More than 100 million Soviet civilians, faced cold and hunger as winter's first heavy snows fell last week. Russia has lost more than half its coal mines, 23% of its cultivated land. Fuel, food and clothes go to the Red Armies first. From Leningrad to the Pacific, women, oldsters and schoolchildren were cutting peat, hauling logs, straining every muscle to make good Russia's losses. Their achievements:

> Siberia's harvested area increased by 2,100,000 acres over last year. In Kazakstan and central Asia land sown to winter grains increased by a half-million acres; in the Black Earth region, by 1,250,000 acres. The ratio of men to women in Russia's fields was about 3-to-100 (prewar average: 50-50).

> Immense Siberian slaughterhouses and Pacific Coast fish canneries throbbed night & day, turned out millions of tons of food for Army and people.

> Siberian and Ural miners worked twelve-hour shifts digging coal for Russia's railroads and metallurgical plants. North of Moscow 80,000 city officeworkers felled timber for firewood. Logs were transported by barge, train, bus and trolley car to the capital. After classes and on Sundays pupils and teachers toted firewood to their schools.

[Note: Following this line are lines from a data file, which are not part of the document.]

(* Every countably infinite line graph $G$ admits a majority $2$-vertex-coloring, i.e. there is a partition $V(G)=V_1\cup V_2$ such that for each $i\in\{1,2\}$ and each $v\in V_i$, $|N(v)\cap V_i|\le |N(v)\setminus V_i|$ (as cardinalities).
   Context: $N(v)$ denotes the set of neighbors of $v$ in $G$. A line graph is the line graph $L(H)$ of some graph $H$: its vertices are the edges of $H$, two being adjacent iff they share an endvertex. *)

theory Defs
  imports Main "HOL-Library.Equipollence"
begin

definition simple_graph :: "'a set \<Rightarrow> ('a \<Rightarrow> 'a \<Rightarrow> bool) \<Rightarrow> bool" where
  "simple_graph V E \<longleftrightarrow> (\<forall>u v. E u v \<longrightarrow> u \<in> V \<and> v \<in> V \<and> u \<noteq> v \<and> E v u)"

definition nbhd :: "('a \<Rightarrow> 'a \<Rightarrow> bool) \<Rightarrow> 'a \<Rightarrow> 'a set" where
  "nbhd E v = {u. E v u}"

definition edge_set :: "('h \<Rightarrow> 'h \<Rightarrow> bool) \<Rightarrow> 'h set set" where
  "edge_set F = {{x, y} | x y. F x y}"

definition is_line_graph_of ::
  "'a set \<Rightarrow> ('a \<Rightarrow> 'a \<Rightarrow> bool) \<Rightarrow> 'h set \<Rightarrow> ('h \<Rightarrow> 'h \<Rightarrow> bool) \<Rightarrow> bool" where
  "is_line_graph_of V E W F \<longleftrightarrow> simple_graph W F \<and>
     (\<exists>\<phi>. bij_betw \<phi> V (edge_set F) \<and>
        (\<forall>u\<in>V. \<forall>v\<in>V. E u v \<longleftrightarrow> u \<noteq> v \<and> \<phi> u \<inter> \<phi> v \<noteq> {}))"

definition majority_2_colouring :: "'a set \<Rightarrow> ('a \<Rightarrow> 'a \<Rightarrow> bool) \<Rightarrow> 'a set \<Rightarrow> 'a set \<Rightarrow> bool" where
  "majority_2_colouring V E V1 V2 \<longleftrightarrow> V1 \<union> V2 = V \<and> V1 \<inter> V2 = {} \<and>
     (\<forall>Vi \<in> {V1, V2}. \<forall>v \<in> Vi. nbhd E v \<inter> Vi \<lesssim> nbhd E v - Vi)"

end

theory Submission
  imports Defs "HOL-Library.Countable_Set"
begin

text \<open>In a line graph L(H), a vertex of infinite degree is an edge of H with an endvertex x of
infinite degree, so it lies in the star of x, an infinite clique of L(H); two stars share at most
one vertex. Shrink the countably many infinite stars to pairwise disjoint infinite sets and split
each into two infinite colour classes: every vertex of infinite degree then has infinitely many
neighbours of the other colour, which outnumber its countably many neighbours of its own colour.
Keeping these colours fixed, recolour the vertices of finite degree: on a finite set of them, a
colouring with the fewest monochromatic edges is a majority colouring there, and Koenig's lemma
passes to all of them.\<close>

lemma simple_graph_nbhd_subset: "simple_graph V E \<Longrightarrow> nbhd E v \<subseteq> V"
  by (auto simp: simple_graph_def nbhd_def)

definition majority_at :: "('a \<Rightarrow> 'a \<Rightarrow> bool) \<Rightarrow> ('a \<Rightarrow> bool) \<Rightarrow> 'a \<Rightarrow> bool" where
  "majority_at E c v \<longleftrightarrow> {w \<in> nbhd E v. c w = c v} \<lesssim> {w \<in> nbhd E v. c w \<noteq> c v}"

lemma majority_at_cong:
  assumes "\<And>w. w \<in> insert v (nbhd E v) \<Longrightarrow> c' w = c w"
  shows "majority_at E c' v \<longleftrightarrow> majority_at E c v"
proof -
  have "{w \<in> nbhd E v. c' w = c' v} = {w \<in> nbhd E v. c w = c v}"
       "{w \<in> nbhd E v. c' w \<noteq> c' v} = {w \<in> nbhd E v. c w \<noteq> c v}"
    using assms by auto
  then show ?thesis by (simp add: majority_at_def)
qed

lemma majority_at_iff_card_le:
  assumes "finite (nbhd E v)"
  shows "majority_at E c v \<longleftrightarrow>
           card {w \<in> nbhd E v. c w = c v} \<le> card {w \<in> nbhd E v. c w \<noteq> c v}"
  using assms by (simp add: majority_at_def lepoll_iff_card_le)

lemma majority_at_if_both_colours_infinite:
  assumes "countable (nbhd E v)"
    and "infinite {w \<in> nbhd E v. c w}" and "infinite {w \<in> nbhd E v. \<not> c w}"
  shows "majority_at E c v"
proof -
  have "{w \<in> nbhd E v. c w = c v} \<lesssim> (UNIV :: nat set)"
    using countable_subset[OF _ assms(1)] by (auto simp: countable_def lepoll_def)
  also have "infinite {w \<in> nbhd E v. c w \<noteq> c v}"
    using assms(2,3) by (cases "c v") simp_all
  then have "(UNIV :: nat set) \<lesssim> {w \<in> nbhd E v. c w \<noteq> c v}"
    by (simp add: infinite_le_lepoll)
  finally show ?thesis by (simp add: majority_at_def)
qed

lemma majority_at_in_bicoloured_clique:
  assumes "countable (nbhd E v)" and clique: "\<And>u w. u \<in> K \<Longrightarrow> w \<in> K \<Longrightarrow> u \<noteq> w \<Longrightarrow> E u w"
    and "v \<in> K" and "infinite {u \<in> K. c u}" and "infinite {u \<in> K. \<not> c u}"
  shows "majority_at E c v"
proof (rule majority_at_if_both_colours_infinite)
  have "K - {v} \<subseteq> nbhd E v"
    using clique \<open>v \<in> K\<close> by (auto simp: nbhd_def)
  then have "{u \<in> K. c u} - {v} \<subseteq> {w \<in> nbhd E v. c w}"
    and "{u \<in> K. \<not> c u} - {v} \<subseteq> {w \<in> nbhd E v. \<not> c w}"
    by auto
  then show "infinite {w \<in> nbhd E v. c w}" and "infinite {w \<in> nbhd E v. \<not> c w}"
    using assms(4,5) by (auto dest: infinite_super)
qed fact

lemma majority_2_colouringI:
  assumes "\<And>v. nbhd E v \<subseteq> V" and "\<forall>v\<in>V. majority_at E c v"
  shows "majority_2_colouring V E {v \<in> V. c v} {v \<in> V. \<not> c v}"
  unfolding majority_2_colouring_def
proof (intro conjI ballI)
  fix Vi v assume Vi: "Vi \<in> {{v \<in> V. c v}, {v \<in> V. \<not> c v}}" and "v \<in> Vi"
  then have "nbhd E v \<inter> Vi = {w \<in> nbhd E v. c w = c v}"
    and "nbhd E v - Vi = {w \<in> nbhd E v. c w \<noteq> c v}"
    using assms(1)[of v] by auto
  with assms(2) Vi \<open>v \<in> Vi\<close> show "nbhd E v \<inter> Vi \<lesssim> nbhd E v - Vi"
    by (auto simp: majority_at_def)
qed auto

definition monochromatic_pairs ::
  "('a \<Rightarrow> 'a \<Rightarrow> bool) \<Rightarrow> 'a set \<Rightarrow> ('a \<Rightarrow> bool) \<Rightarrow> ('a \<times> 'a) set" where
  "monochromatic_pairs E D c = {(u, w). E u w \<and> (u \<in> D \<or> w \<in> D) \<and> c u = c w}"

lemma finite_monochromatic_pairs:
  assumes "symp E" and "finite D" and "\<forall>u\<in>D. finite (nbhd E u)"
  shows "finite (monochromatic_pairs E D c)"
proof -
  have "monochromatic_pairs E D c \<subseteq> Sigma D (nbhd E) \<union> prod.swap ` Sigma D (nbhd E)"
    using assms(1) by (auto simp: monochromatic_pairs_def nbhd_def image_iff dest: sympD)
  moreover have "finite (Sigma D (nbhd E))" using assms(2,3) by blast
  ultimately show ?thesis by (meson finite_Un finite_imageI finite_subset)
qed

> Textile mills, powerhouses and other industries burned peat and wood instead of coal. Thousands of civilians were mobilized to wield spades in the inexhaustible peat bogs of the Urals and central Russia.

Throughout Russia an estimated 20 to 30 million civilian refugees from occupied areas squeezed into odd corners of already crowded rooms. Valenki (knee-high felt winter boots) and beds were used in rotation by people working on different shifts. Bread rations in central Russia are two pounds of black bread per day for heavy workers, one pound for children. In besieged Leningrad men get 150 grams (5 oz.) of bread a day and little else.

Russia's millions faced a comfortless, bitter winter, but probably few would actually freeze or starve. The people rejoiced that the Red Armies were well supplied with food, clothing and fuel, that the 20DEG and 30DEG frosts only a few weeks off would freeze the thin blood of the German invaders more quickly than their own.